**SUPPLIED DATA**.

*** Begin section ***

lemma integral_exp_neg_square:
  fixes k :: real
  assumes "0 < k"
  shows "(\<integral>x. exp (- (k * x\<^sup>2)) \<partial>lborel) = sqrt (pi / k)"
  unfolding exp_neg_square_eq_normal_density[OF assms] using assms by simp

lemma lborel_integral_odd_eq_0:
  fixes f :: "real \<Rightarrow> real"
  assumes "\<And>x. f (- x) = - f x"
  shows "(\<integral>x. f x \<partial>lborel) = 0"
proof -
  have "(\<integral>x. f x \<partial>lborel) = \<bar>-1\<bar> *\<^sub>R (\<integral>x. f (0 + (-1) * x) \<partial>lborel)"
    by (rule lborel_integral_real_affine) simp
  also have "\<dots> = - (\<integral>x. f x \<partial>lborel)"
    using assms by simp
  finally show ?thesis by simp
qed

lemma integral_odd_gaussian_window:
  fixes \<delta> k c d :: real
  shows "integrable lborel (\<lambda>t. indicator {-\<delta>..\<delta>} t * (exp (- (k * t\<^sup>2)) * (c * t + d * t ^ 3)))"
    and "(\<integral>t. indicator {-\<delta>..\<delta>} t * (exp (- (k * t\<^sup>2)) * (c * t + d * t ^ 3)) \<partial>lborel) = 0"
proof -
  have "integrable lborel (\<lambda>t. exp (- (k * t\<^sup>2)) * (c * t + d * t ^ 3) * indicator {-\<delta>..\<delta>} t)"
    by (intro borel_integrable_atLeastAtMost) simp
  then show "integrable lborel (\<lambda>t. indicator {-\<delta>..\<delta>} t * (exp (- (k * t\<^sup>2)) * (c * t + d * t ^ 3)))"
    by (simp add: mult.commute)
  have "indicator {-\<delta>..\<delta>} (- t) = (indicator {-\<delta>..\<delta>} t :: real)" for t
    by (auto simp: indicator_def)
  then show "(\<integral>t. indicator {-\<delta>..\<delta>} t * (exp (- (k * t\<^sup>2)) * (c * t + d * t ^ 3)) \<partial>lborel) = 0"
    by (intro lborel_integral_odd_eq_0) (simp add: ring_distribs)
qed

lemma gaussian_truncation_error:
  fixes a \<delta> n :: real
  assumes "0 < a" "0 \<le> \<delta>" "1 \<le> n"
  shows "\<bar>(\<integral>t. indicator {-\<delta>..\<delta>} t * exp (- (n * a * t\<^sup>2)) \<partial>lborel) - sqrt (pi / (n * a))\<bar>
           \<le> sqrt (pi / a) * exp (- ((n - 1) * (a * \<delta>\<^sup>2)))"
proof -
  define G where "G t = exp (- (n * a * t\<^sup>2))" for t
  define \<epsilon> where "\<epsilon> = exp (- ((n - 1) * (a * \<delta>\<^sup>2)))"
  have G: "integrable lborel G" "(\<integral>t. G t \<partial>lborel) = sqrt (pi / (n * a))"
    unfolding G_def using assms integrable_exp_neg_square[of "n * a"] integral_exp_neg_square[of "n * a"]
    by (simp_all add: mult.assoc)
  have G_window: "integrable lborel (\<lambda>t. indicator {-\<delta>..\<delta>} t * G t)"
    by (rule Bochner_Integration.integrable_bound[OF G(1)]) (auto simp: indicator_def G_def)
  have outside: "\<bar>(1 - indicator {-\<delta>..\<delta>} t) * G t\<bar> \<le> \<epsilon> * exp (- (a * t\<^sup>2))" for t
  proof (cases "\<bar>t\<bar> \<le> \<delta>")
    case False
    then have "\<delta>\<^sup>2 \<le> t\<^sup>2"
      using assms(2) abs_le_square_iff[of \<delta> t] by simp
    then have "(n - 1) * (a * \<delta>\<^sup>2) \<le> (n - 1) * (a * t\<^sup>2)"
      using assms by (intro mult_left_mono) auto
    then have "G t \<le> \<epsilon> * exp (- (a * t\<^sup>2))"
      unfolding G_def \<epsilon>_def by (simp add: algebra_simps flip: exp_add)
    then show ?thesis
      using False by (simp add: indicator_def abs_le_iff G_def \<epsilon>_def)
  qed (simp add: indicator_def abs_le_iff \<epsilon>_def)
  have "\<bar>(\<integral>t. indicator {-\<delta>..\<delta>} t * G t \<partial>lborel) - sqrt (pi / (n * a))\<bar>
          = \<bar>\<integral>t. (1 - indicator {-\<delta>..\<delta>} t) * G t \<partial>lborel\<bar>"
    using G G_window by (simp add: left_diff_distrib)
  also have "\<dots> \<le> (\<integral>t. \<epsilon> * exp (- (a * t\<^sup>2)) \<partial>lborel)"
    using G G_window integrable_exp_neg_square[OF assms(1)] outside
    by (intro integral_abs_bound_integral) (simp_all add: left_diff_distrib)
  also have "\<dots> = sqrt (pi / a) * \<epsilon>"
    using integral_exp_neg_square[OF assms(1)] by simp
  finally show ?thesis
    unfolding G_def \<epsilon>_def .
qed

*** End section ***

**EXERCISE INSTRUCTIONS**. Identify each line of the material where the word "lambda" shows up, and copy it.

**FINISHED EXERCISE**.
  shows "integrable lborel (\<lambda>t. indicator {-\<delta>..\<delta>} t * (exp (- (k * t\<^sup>2)) * (c * t + d * t ^ 3)))"
  have "integrable lborel (\<lambda>t. exp (- (k * t\<^sup>2)) * (c * t + d * t ^ 3) * indicator {-\<delta>..\<delta>} t)"
  then show "integrable lborel (\<lambda>t. indicator {-\<delta>..\<delta>} t * (exp (- (k * t\<^sup>2)) * (c * t + d * t ^ 3)))"
  have G_window: "integrable lborel (\<lambda>t. indicator {-\<delta>..\<delta>} t * G t)"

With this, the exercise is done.